Tehrani was born into a family of literati, publishing his first film criticism at sixteen. At eighteen he joined National Iranian Radio and Television where he wrote and directed two hundred documentaries on subjects like the influence of ancient Iranian culture and contemporary government corruption. After the 1979 Islamic revolution, he wrote and produced many animated films, including the award-wining Children of Jaleh Square and Kids’ Olympics, dealing with social political themes. His Ali Kuchulu, (Little Ali) was the most successful children’s film series in the ‘80s and its theme song became a signature tune of the 1988 student uprising.

Tehrani’s children’s books sold over a million copies and his Story of The Yellow Leaf, won Best Book of the Year in Iran and Italy. In 1989, Tehrani moved to Los Angeles gaining expertise in new technology and 3D animation. For eighteen years, he taught 3D animation, Game Development Concepts, Advanced History of Film and Screenwriting at UCLA Extension, Santa Monica College and the Art Institute of California. He served as Director of International Conference in Animation for the ToonZ Conference, London.

In 2007, Tehrani launched Cinema Without Borders, an online publication focusing on international cinema. Since then, CWB has published more than four thousand original articles and interviews with hundreds of international filmmakers, gaining recognition as a hub for world cinema.
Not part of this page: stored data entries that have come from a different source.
(* Let $d$ be an integer and let $b,\alpha,\beta\in\mathbb{Z}_{\ge0}^n$ satisfy $\alpha_1\le\cdots\le\alpha_n=d$, $\beta_1\le\cdots\le\beta_n=d$, $\alpha_i\le\beta_i$ for all $i$, $\alpha_1=0$ and $\beta_1=b_1$. Let $I\subseteq S=K[x_1,\ldots,x_n]$ be the ideal generated by all monomials $x^u$ with $u\in\mathbb{Z}_{\ge0}^n$, $0\le u_i\le b_i$ and $\alpha_i\le u_1+\cdots+u_i\le\beta_i$ for $i=1,\ldots,n$ (the basic PLP-polymatroidal ideal of type $(\mathbf{0},b\mid\alpha,\beta)$). Then $\mathrm{soc}(I)$ is the basic PLP-polymatroidal ideal of type $$(\mathbf{0},(b_1-1,\ldots,b_n-1)\mid(\alpha_1,\ldots,\alpha_{n-1},\alpha_n-1),(\beta_1-1,\ldots,\beta_n-1)),$$ that is, $\mathrm{soc}(I)$ is the ideal generated by all monomials $x^v$ with $v\in\mathbb{Z}_{\ge0}^n$ satisfying $0\le v_i\le b_i-1$ for $i=1,\ldots,n$, $\alpha_i\le v_1+\cdots+v_i\le\beta_i-1$ for $i=1,\ldots,n-1$, and $v_1+\cdots+v_n=d-1$.
   Context: $K$ is a field and $\mathfrak{m}=(x_1,\ldots,x_n)$. $I$ is a polymatroidal ideal generated in degree $d$ and has a linear resolution; $\mathrm{soc}(I)$ denotes the ideal generated by all monomials $w$ of degree $d-1$ with $x_iw\in I$ for all $i$, so that $(I:\mathfrak{m})=I+\mathrm{soc}(I)$. The PLP-polymatroidal ideal of type $(\mathbf{0},b'\mid\alpha',\beta')$ is the ideal generated by the monomials $x^v$ with $0\le v_i\le b'_i$ and $\alpha'_i\le v_1+\cdots+v_i\le\beta'_i$ for all $i$. *)

theory Defs
  imports Main
begin

text \<open>Monomials of S = K[x_1,...,x_n] are identified with exponent vectors
  u :: nat \<Rightarrow> nat supported on {1..n}.  A monomial ideal is identified with
  the set of monomials it contains (which determines it, over any field K).\<close>

definition monomials_in :: "nat \<Rightarrow> (nat \<Rightarrow> nat) set" where
  "monomials_in n = {u. \<forall>i. i \<notin> {1..n} \<longrightarrow> u i = 0}"

definition mono_ideal :: "nat \<Rightarrow> (nat \<Rightarrow> nat) set \<Rightarrow> (nat \<Rightarrow> nat) set" where
  "mono_ideal n G = {u \<in> monomials_in n. \<exists>g\<in>G. \<forall>i. g i \<le> u i}"

definition mdeg :: "nat \<Rightarrow> (nat \<Rightarrow> nat) \<Rightarrow> int" where
  "mdeg n u = (\<Sum>i=1..n. int (u i))"

definition mulx :: "nat \<Rightarrow> (nat \<Rightarrow> nat) \<Rightarrow> (nat \<Rightarrow> nat)" where
  "mulx i w = w(i := w i + 1)"

text \<open>Generators of soc(I): monomials w of degree d-1 with x_i w in I for all i.\<close>
definition soc_gens :: "nat \<Rightarrow> int \<Rightarrow> (nat \<Rightarrow> nat) set \<Rightarrow> (nat \<Rightarrow> nat) set" where
  "soc_gens n d I = {w \<in> monomials_in n. mdeg n w = d - 1 \<and> (\<forall>i\<in>{1..n}. mulx i w \<in> I)}"

definition soc :: "nat \<Rightarrow> int \<Rightarrow> (nat \<Rightarrow> nat) set \<Rightarrow> (nat \<Rightarrow> nat) set" where
  "soc n d I = mono_ideal n (soc_gens n d I)"

definition plp_gens :: "nat \<Rightarrow> (nat \<Rightarrow> int) \<Rightarrow> (nat \<Rightarrow> int) \<Rightarrow> (nat \<Rightarrow> int) \<Rightarrow> (nat \<Rightarrow> nat) set" where
  "plp_gens n b \<alpha> \<beta> = {u \<in> monomials_in n. \<forall>i\<in>{1..n}.
      int (u i) \<le> b i \<and> \<alpha> i \<le> (\<Sum>j=1..i. int (u j)) \<and> (\<Sum>j=1..i. int (u j)) \<le> \<beta> i}"

end

theory Submission
  imports Defs
begin

text \<open>Since \<open>\<alpha> n = \<beta> n = d\<close>, the ideal \<open>I\<close> is generated in degree \<open>d\<close>, so its monomials of
  degree \<open>d\<close> are exactly its generators, and a monomial \<open>w\<close> of degree \<open>d - 1\<close> lies in \<open>soc(I)\<close>
  iff every \<open>x\<^sub>i w\<close> is a generator. Multiplying by \<open>x\<^sub>i\<close> raises the partial sum
  \<open>w\<^sub>1 + \<dots> + w\<^sub>k\<close> by one exactly when \<open>i \<le> k\<close>; hence the binding choices are \<open>i = n\<close> for the
  lower bounds \<open>\<alpha>\<close>, and \<open>i = k\<close> for the upper bounds \<open>\<beta>\<close> and for \<open>w\<^sub>k + 1 \<le> b\<^sub>k\<close>.\<close>

lemma mulx_in_monomials_in:
  "i \<in> {1..n} \<Longrightarrow> w \<in> monomials_in n \<Longrightarrow> mulx i w \<in> monomials_in n"
  by (auto simp: monomials_in_def mulx_def)

lemma sum_mulx:
  "(\<Sum>j=1..k. int (mulx i w j)) = (\<Sum>j=1..k. int (w j)) + (if i \<in> {1..k} then 1 else 0)"
proof -
  have "(\<Sum>j=1..k. int (mulx i w j)) = (\<Sum>j=1..k. int (w j) + (if j = i then 1 else 0))"
    by (rule sum.cong) (auto simp: mulx_def)
  also have "\<dots> = (\<Sum>j=1..k. int (w j)) + (if i \<in> {1..k} then 1 else 0)"
    by (simp add: sum.distrib)
  finally show ?thesis .
qed

lemma mdeg_mulx: "i \<in> {1..n} \<Longrightarrow> mdeg n (mulx i w) = mdeg n w + 1"
  unfolding mdeg_def sum_mulx by simp

lemma mdeg_plp_gens:
  assumes "n \<ge> 1" "\<alpha> n = d" "\<beta> n = d" "u \<in> plp_gens n b \<alpha> \<beta>"
  shows "mdeg n u = d"
proof -
  have "n \<in> {1..n}" using assms(1) by simp
  with assms(4) have "\<alpha> n \<le> mdeg n u" "mdeg n u \<le> \<beta> n"
    by (auto simp: plp_gens_def mdeg_def)
  with assms(2,3) show ?thesis by simp
qed

lemma mono_ideal_equigenerated_mdeg_eq:
  assumes G: "G \<subseteq> monomials_in n" "\<forall>g\<in>G. mdeg n g = d"
    and u: "u \<in> mono_ideal n G" "mdeg n u = d"
  shows "u \<in> G"
proof -
  from u(1) obtain g where g: "g \<in> G" and le: "\<forall>i. g i \<le> u i" and um: "u \<in> monomials_in n"
    by (auto simp: mono_ideal_def)
  have "(\<Sum>j=1..n. int (u j) - int (g j)) = 0"
    using G(2) g u(2) by (simp add: mdeg_def sum_subtractf)
  moreover have "\<forall>j\<in>{1..n}. 0 \<le> int (u j) - int (g j)"
    using le by simp
  ultimately have "\<forall>j\<in>{1..n}. u j = g j"
    using sum_nonneg_eq_0_iff[of "{1..n}" "\<lambda>j. int (u j) - int (g j)"] by simp
  moreover have "\<forall>j. j \<notin> {1..n} \<longrightarrow> u j = 0 \<and> g j = 0"
    using G(1) g um by (auto simp: monomials_in_def)
  ultimately have "u = g"
    by (metis ext)
  with g show ?thesis by simp
qed

lemma soc_gens_mono_ideal_equigenerated:
  assumes "G \<subseteq> monomials_in n" "\<forall>g\<in>G. mdeg n g = d"
  shows "soc_gens n d (mono_ideal n G) =
    {w \<in> monomials_in n. mdeg n w = d - 1 \<and> (\<forall>i\<in>{1..n}. mulx i w \<in> G)}"
  unfolding soc_gens_def
proof (intro Collect_cong conj_cong refl ball_cong)
  fix w i
  assume w: "w \<in> monomials_in n" "mdeg n w = d - 1" and i: "i \<in> {1..n}"
  have "mulx i w \<in> monomials_in n" "mdeg n (mulx i w) = d"
    using w i by (simp_all add: mulx_in_monomials_in mdeg_mulx)
  then show "mulx i w \<in> mono_ideal n G \<longleftrightarrow> mulx i w \<in> G"
    using assms mono_ideal_equigenerated_mdeg_eq[of G n d "mulx i w"]
    by (auto simp: mono_ideal_def)
qed

lemma all_mulx_in_plp_gens_iff:
  assumes "n \<ge> 1" "\<alpha> n \<le> d" "d \<le> \<beta> n"
    and w: "w \<in> monomials_in n" "(\<Sum>j=1..n. int (w j)) = d - 1"
  shows "(\<forall>i\<in>{1..n}. mulx i w \<in> plp_gens n b \<alpha> \<beta>) \<longleftrightarrow>
    (\<forall>i\<in>{1..n}. int (w i) \<le> b i - 1) \<and>
    (\<forall>i\<in>{1..<n}. \<alpha> i \<le> (\<Sum>j=1..i. int (w j)) \<and> (\<Sum>j=1..i. int (w j)) \<le> \<beta> i - 1)"
    (is "?mulx \<longleftrightarrow> ?bounds \<and> ?partial")
proof
  assume gens: ?mulx
  have "int (mulx k w k) \<le> b k" if "k \<in> {1..n}" for k
    using gens that by (auto simp: plp_gens_def)
  then have ?bounds
    by (fastforce simp: mulx_def)
  moreover have ?partial
  proof
    fix k assume k: "k \<in> {1..<n}"
    then have "\<alpha> k \<le> (\<Sum>j=1..k. int (mulx n w j))" "(\<Sum>j=1..k. int (mulx k w j)) \<le> \<beta> k"
      using gens[rule_format, of n] gens[rule_format, of k] assms(1)
      by (auto simp: plp_gens_def)
    with k show "\<alpha> k \<le> (\<Sum>j=1..k. int (w j)) \<and> (\<Sum>j=1..k. int (w j)) \<le> \<beta> k - 1"
      unfolding sum_mulx by auto
  qed
  ultimately show "?bounds \<and> ?partial" ..
next
  assume bounds: "?bounds \<and> ?partial"
  have "mulx i w \<in> plp_gens n b \<alpha> \<beta>" if i: "i \<in> {1..n}" for i
    unfolding plp_gens_def
  proof (intro CollectI conjI ballI mulx_in_monomials_in[OF i w(1)])
    fix k assume k: "k \<in> {1..n}"
    have "int (w k) < b k"
      using bounds k by auto
    then show "int (mulx i w k) \<le> b k"
      by (auto simp: mulx_def)
    have "\<alpha> k \<le> (\<Sum>j=1..k. int (mulx i w j)) \<and> (\<Sum>j=1..k. int (mulx i w j)) \<le> \<beta> k"
    proof (cases "k = n")
      case True
      with i w(2) have "(\<Sum>j=1..k. int (mulx i w j)) = d"
        unfolding sum_mulx by simp
      with True assms(2,3) show ?thesis by simp
    next
      case False
      with k bounds have "\<alpha> k \<le> (\<Sum>j=1..k. int (w j)) \<and> (\<Sum>j=1..k. int (w j)) \<le> \<beta> k - 1"
        by auto
      then show ?thesis
        unfolding sum_mulx by auto
    qed
    then show "\<alpha> k \<le> (\<Sum>j=1..k. int (mulx i w j))" "(\<Sum>j=1..k. int (mulx i w j)) \<le> \<beta> k"
      by simp_all
  qed
  then show ?mulx ..
qed

lemma soc_gens_plp_ideal:
  assumes "n \<ge> 1" "\<alpha> n = d" "\<beta> n = d"
  shows "soc_gens n d (mono_ideal n (plp_gens n b \<alpha> \<beta>)) =
    {v \<in> monomials_in n.
      (\<forall>i\<in>{1..n}. int (v i) \<le> b i - 1) \<and>
      (\<forall>i\<in>{1..<n}. \<alpha> i \<le> (\<Sum>j=1..i. int (v j)) \<and> (\<Sum>j=1..i. int (v j)) \<le> \<beta> i - 1) \<and>
      (\<Sum>j=1..n. int (v j)) = d - 1}" (is "_ = ?V")
proof -
  let ?G = "plp_gens n b \<alpha> \<beta>"
  have "?G \<subseteq> monomials_in n"
    unfolding plp_gens_def by blast
  moreover have "\<forall>g\<in>?G. mdeg n g = d"
    using mdeg_plp_gens[of n \<alpha> d \<beta> _ b] assms by blast
  ultimately have "soc_gens n d (mono_ideal n ?G) =
      {w \<in> monomials_in n. mdeg n w = d - 1 \<and> (\<forall>i\<in>{1..n}. mulx i w \<in> ?G)}"
    by (rule soc_gens_mono_ideal_equigenerated)
  also have "\<dots> = ?V"
    using all_mulx_in_plp_gens_iff[of n \<alpha> d \<beta> _ b] assms
    unfolding mdeg_def by (intro Collect_cong) auto
  finally show ?thesis .
qed

theorem proposition3p3:
  fixes n :: nat and d :: int and b \<alpha> \<beta> :: "nat \<Rightarrow> int"
  assumes "n \<ge> 1"
    and "\<forall>i\<in>{1..n}. b i \<ge> 0 \<and> \<alpha> i \<ge> 0 \<and> \<beta> i \<ge> 0"
    and "\<forall>i\<in>{1..<n}. \<alpha> i \<le> \<alpha> (i + 1)" and "\<alpha> n = d"
    and "\<forall>i\<in>{1..<n}. \<beta> i \<le> \<beta> (i + 1)" and "\<beta> n = d"
    and "\<forall>i\<in>{1..n}. \<alpha> i \<le> \<beta> i"
    and "\<alpha> 1 = 0" and "\<beta> 1 = b 1"
  shows "soc n d (mono_ideal n (plp_gens n b \<alpha> \<beta>)) =
         mono_ideal n {v \<in> monomials_in n.
            (\<forall>i\<in>{1..n}. int (v i) \<le> b i - 1) \<and>
            (\<forall>i\<in>{1..<n}. \<alpha> i \<le> (\<Sum>j=1..i. int (v j)) \<and> (\<Sum>j=1..i. int (v j)) \<le> \<beta> i - 1) \<and>
            (\<Sum>j=1..n. int (v j)) = d - 1}"
  unfolding soc_def soc_gens_plp_ideal[of n \<alpha> d \<beta> b, OF assms(1,4,6)] ..

end
(* Let $N\in\mathbb N$, $\alpha,\beta>-1$, let $x_0<\dots<x_N$ be the Jacobi–Gauss–Lobatto (JGL) nodes and $h_0,\dots,h_N$ the associated Lagrange basis polynomials. For every $\mu>0$ and every $u\in\mathcal P_N$ one has $\hat I_-^\mu u\in\mathcal P_N$ and ${}^R\hat D_-^\mu u\in\mathcal P_N$ (after continuous extension to $x=-1$). Moreover $$ {}_0\mathcal P_N=\operatorname{span}\{\hat I_-^\mu h_j:\ 1\le j\le N\}. $$
   Context: For $\rho>0$ and $x\in(-1,1)$, $(I_-^\rho u)(x)=\frac{1}{\Gamma(\rho)}\int_{-1}^x (x-y)^{\rho-1}u(y)\,dy$, and $D^k=d^k/dx^k$. For $\mu\in(k-1,k)$, $k\in\mathbb N$, the Riemann–Liouville derivative is ${}^R D_-^\mu u=D^k(I_-^{k-\mu}u)$. The modified operators are $\hat I_-^\mu u=(1+x)^{-\mu}I_-^\mu u$ and ${}^R\hat D_-^\mu u=(1+x)^{\mu}\,{}^R D_-^\mu u$. $\mathcal P_N$ denotes polynomials of degree $\le N$ and ${}_0\mathcal P_N=\{\phi\in\mathcal P_N:\phi(-1)=0\}$. Jacobi polynomials $P_n^{(\alpha,\beta)}$ are in Szegő's normalization. The JGL nodes $x_0<x_1<\dots<x_N$ are the zeros of $(1-x^2)\frac{d}{dx}P_N^{(\alpha,\beta)}(x)$ (so $x_0=-1$, $x_N=1$), and $h_j\in\mathcal P_N$ is the Lagrange basis polynomial with $h_j(x_i)=\delta_{ij}$, $0\le i,j\le N$. *)

theory Defs
  imports "HOL-Analysis.Analysis" "HOL-Computational_Algebra.Polynomial"
begin

text \<open>Jacobi polynomial in Szego's normalization (Szego, formula 4.3.2):
  P_n^(a,b)(x) = sum_k C(n+a, n-k) C(n+b, k) ((x-1)/2)^k ((x+1)/2)^(n-k).\<close>
definition jacobi_poly :: "nat \<Rightarrow> real \<Rightarrow> real \<Rightarrow> real poly" where
  "jacobi_poly n a b =
     (\<Sum>k\<le>n. smult (((real n + a) gchoose (n - k)) * ((real n + b) gchoose k))
                   ([:-1/2, 1/2:] ^ k * [:1/2, 1/2:] ^ (n - k)))"

definition frac_int :: "real \<Rightarrow> (real \<Rightarrow> real) \<Rightarrow> real \<Rightarrow> real" where
  "frac_int \<rho> u x =
     (if \<rho> = 0 then u x
      else (LBINT y:{-1..x}. (x - y) powr (\<rho> - 1) * u y) / Gamma \<rho>)"

text \<open>Riemann-Liouville derivative D^k (I^(k-mu) u) with k = ceiling mu
  (so mu in (k-1,k) for non-integer mu; for integer mu this is the ordinary derivative).\<close>
definition rl_deriv :: "real \<Rightarrow> (real \<Rightarrow> real) \<Rightarrow> real \<Rightarrow> real" where
  "rl_deriv \<mu> u = (deriv ^^ nat \<lceil>\<mu>\<rceil>) (frac_int (of_int \<lceil>\<mu>\<rceil> - \<mu>) u)"

definition hat_frac_int :: "real \<Rightarrow> (real \<Rightarrow> real) \<Rightarrow> real \<Rightarrow> real" where
  "hat_frac_int \<mu> u x = (1 + x) powr (-\<mu>) * frac_int \<mu> u x"

definition hat_rl_deriv :: "real \<Rightarrow> (real \<Rightarrow> real) \<Rightarrow> real \<Rightarrow> real" where
  "hat_rl_deriv \<mu> u x = (1 + x) powr \<mu> * rl_deriv \<mu> u x"

end

theory Submission
  imports Defs
begin

text \<open>By the Beta integral, \<open>I\<^sup>\<rho>\<close> maps \<open>(1 + x)^m\<close> to
  \<open>\<Gamma>(m + 1) / \<Gamma>(m + 1 + \<rho>) * (1 + x) powr (m + \<rho>)\<close>. Hence in the basis of powers
  \<open>(1 + x)^m\<close>, \<open>m \<le> N\<close>, the modified integral of order \<open>\<mu>\<close> is diagonal with positive
  entries: a bijection of the polynomials of degree \<open>\<le> N\<close> onto themselves that preserves those
  vanishing at \<open>-1\<close> (the coordinate \<open>m = 0\<close>). The Riemann-Liouville derivative differentiates
  the powers \<open>(1 + x) powr (m + \<rho>)\<close> termwise, and the factor \<open>(1 + x) powr \<mu>\<close> turns
  the result back into a polynomial.

  For \<open>t < -1\<close> all terms of Szego's sum for \<open>P\<^sub>N'(t)\<close> have the same sign, so the first
  JGL node is \<open>-1\<close>. Then \<open>h\<^sub>1, \<dots>, h\<^sub>N\<close> is a basis of the polynomials of degree
  \<open>\<le> N\<close> vanishing at \<open>-1\<close>, and so is its image under the modified integral.\<close>

lemma has_integral_frac_int_shifted_monomial:
  fixes \<rho> x :: real
  assumes rho: "\<rho> > 0" and x: "x > -1"
  shows "((\<lambda>y. (x - y) powr (\<rho> - 1) * (1 + y) ^ m) has_integral
           Beta (real m + 1) \<rho> * (1 + x) powr (real m + \<rho>)) {-1..x}"
proof -
  define L where "L = 1 + x"
  have L: "L > 0" using x by (simp add: L_def)
  define F where "F = (\<lambda>s::real. s powr (real m + 1 - 1) * (1 - s) powr (\<rho> - 1))"
  have "(F has_integral Beta (real m + 1) \<rho>) (cbox 0 1)"
    unfolding F_def using has_integral_Beta_real[of "real m + 1" \<rho>] rho by simp
  from has_integral_affinity'[OF this, of "1/L" "1/L"]
  have "((\<lambda>y. F (y / L + 1/L)) has_integral Beta (real m + 1) \<rho> * L)
          (cbox ((0 - 1/L) /\<^sub>R (1/L)) ((1 - 1/L) /\<^sub>R (1/L)))"
    using L by (simp add: mult.commute)
  also have "cbox ((0 - 1/L) /\<^sub>R (1/L)) ((1 - 1/L) /\<^sub>R (1/L)) = {-1..x}"
    using L by (simp add: L_def field_simps)
  finally have "((\<lambda>y. F (y / L + 1/L)) has_integral Beta (real m + 1) \<rho> * L) {-1..x}" .
  moreover have "L powr (real m + \<rho> - 1) * (Beta (real m + 1) \<rho> * L) =
                 Beta (real m + 1) \<rho> * (1 + x) powr (real m + \<rho>)"
    using L by (simp add: L_def powr_diff)
  ultimately have "((\<lambda>y. L powr (real m + \<rho> - 1) * F (y / L + 1/L)) has_integral
                      Beta (real m + 1) \<rho> * (1 + x) powr (real m + \<rho>)) {-1..x}"
    using has_integral_mult_right by metis
  then show ?thesis
  proof (rule has_integral_spike_finite[of "{-1}", rotated 2])
    fix y assume y: "y \<in> {-1..x} - {-1}"
    have "F (y / L + 1/L) = ((1 + y) / L) powr real m * ((x - y) / L) powr (\<rho> - 1)"
      using L by (simp add: F_def L_def field_simps)
    also have "\<dots> = (1 + y) ^ m * (x - y) powr (\<rho> - 1) / L powr (real m + \<rho> - 1)"
      using y L by (simp add: powr_divide powr_realpow powr_add powr_diff field_simps)
    finally show "(x - y) powr (\<rho> - 1) * (1 + y) ^ m = L powr (real m + \<rho> - 1) * F (y / L + 1 / L)"
      using L by simp
  qed simp
qed

lemma poly_eq_sum_coeff:
  fixes p :: "'a::comm_semiring_1 poly"
  assumes "degree p \<le> n"
  shows "poly p z = (\<Sum>i\<le>n. coeff p i * z ^ i)"
  unfolding poly_altdef
  by (rule sum.mono_neutral_left) (use assms in \<open>auto simp: coeff_eq_0\<close>)

definition shift_coeff :: "real poly \<Rightarrow> nat \<Rightarrow> real" where
  "shift_coeff u m = coeff (u \<circ>\<^sub>p [:-1, 1:]) m"

lemma poly_eq_sum_shift_coeff:
  assumes "degree u \<le> n"
  shows "poly u y = (\<Sum>m\<le>n. shift_coeff u m * (1 + y) ^ m)"
proof -
  have "poly u y = poly (u \<circ>\<^sub>p [:-1, 1:]) (1 + y)" by (simp add: poly_pcompose)
  also have "\<dots> = (\<Sum>m\<le>n. shift_coeff u m * (1 + y) ^ m)" unfolding shift_coeff_def
    by (rule poly_eq_sum_coeff) (use assms in \<open>simp add: degree_pcompose\<close>)
  finally show ?thesis .
qed

lemma shift_coeff_0: "shift_coeff u 0 = poly u (-1)"
  unfolding shift_coeff_def by (simp add: poly_0_coeff_0[symmetric] poly_pcompose)

lemma shift_coeff_sum:
  "shift_coeff (\<Sum>j\<in>J. smult (c j) (h j)) m = (\<Sum>j\<in>J. c j * shift_coeff (h j) m)"
  unfolding shift_coeff_def by (simp add: pcompose_sum pcompose_smult coeff_sum)

definition frac_int_gain :: "real \<Rightarrow> nat \<Rightarrow> real" where
  "frac_int_gain \<rho> m = Gamma (real m + 1) / Gamma (real m + 1 + \<rho>)"

lemma frac_int_gain_pos: "\<rho> \<ge> 0 \<Longrightarrow> frac_int_gain \<rho> m > 0"
  unfolding frac_int_gain_def by (intro divide_pos_pos Gamma_real_pos) auto
(* Let $n\ge3$, $e\ge2$, $1\le k\le e-1$. The assignment $q_1\mapsto\tilde t_i\tilde t_{i-k}$ (an element independent of $i\in\mathbb{Z}/e\mathbb{Z}$) and $q_m\mapsto\tilde s_{m+1}$ for $2\le m\le n-1$ defines an injective group homomorphism from the Artin–Tits group $B(2,1,n-1)$ into $B^{(k)}(e,e,n)$.
   Context: $B(2,1,n-1)$ is the Artin–Tits group of type $B_{n-1}$ with generators $q_1,\dots,q_{n-1}$ and relations $q_1q_2q_1q_2=q_2q_1q_2q_1$, $q_mq_{m+1}q_m=q_{m+1}q_mq_{m+1}$ for $2\le m\le n-2$, and $q_aq_b=q_bq_a$ for $|a-b|>1$. $B^{(k)}(e,e,n)$ is the group with generators $\tilde t_0,\dots,\tilde t_{e-1},\tilde s_3,\dots,\tilde s_n$ and relations: $\tilde s_i\tilde s_j\tilde s_i=\tilde s_j\tilde s_i\tilde s_j$ for $|i-j|=1$; $\tilde s_i\tilde s_j=\tilde s_j\tilde s_i$ for $|i-j|>1$; $\tilde s_3\tilde t_i\tilde s_3=\tilde t_i\tilde s_3\tilde t_i$ for $i\in\mathbb{Z}/e\mathbb{Z}$; $\tilde s_j\tilde t_i=\tilde t_i\tilde s_j$ for $i\in\mathbb{Z}/e\mathbb{Z}$, $4\le j\le n$; $\tilde t_i\tilde t_{i-k}=\tilde t_j\tilde t_{j-k}$ for $i,j\in\mathbb{Z}/e\mathbb{Z}$ (it is the group of fractions of the Garside monoid with the same presentation). *)

theory Defs
  imports Main
begin

text \<open>Group presentations: words over letters (generator, inverted?) and the
  congruence generated by free cancellation and a set of defining relations.\<close>

type_synonym 'a word = "('a \<times> bool) list"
In 2008, Tehrani established Bridging the Borders, an award honoring films that help bridge cultural divisions. This Award is presented at the Palm Springs International Short Film Festival, the South East European Film Festival, Polish Film Festival-LA, Hungarian Film Festival of Los Angeles, Palm Springs International Film Festival and Germany’s International Festival for Young Film Lovers. Over fifty filmmakers have won Bridging the Borders Awards, including Israeli filmmaker Ari Folman (Waltz with Bashir), Italian director Emanuele Crialese (Terraferma), and the legendary Andrzej Wajda (Walesa: Man of Hope).

In 2013, to bolster his efforts on international social justice films, Tehrani founded the non-profit organization, Cinema Without Borders Foundation. In 2014, he initiated the Annual International Animation Day Festival at East Los Angeles College, offering short animated films, panel discussions, and a lifetime achievement award.

In 2017, on the tenth anniversary of CWB, Tehrani was honored by the Goethe Institute, the Scandinavian Film Society, the South East European Film Festival, the Polish Film Festival – LA, and the Hungarian Film Festival of L.A.

In 2018, CWB introduced an Independent Bridging the Borders Award and the prize went to ICEBOX, an HBO production about child immigrant detention centers, directed by the Swedish/American director Daniel Sawka.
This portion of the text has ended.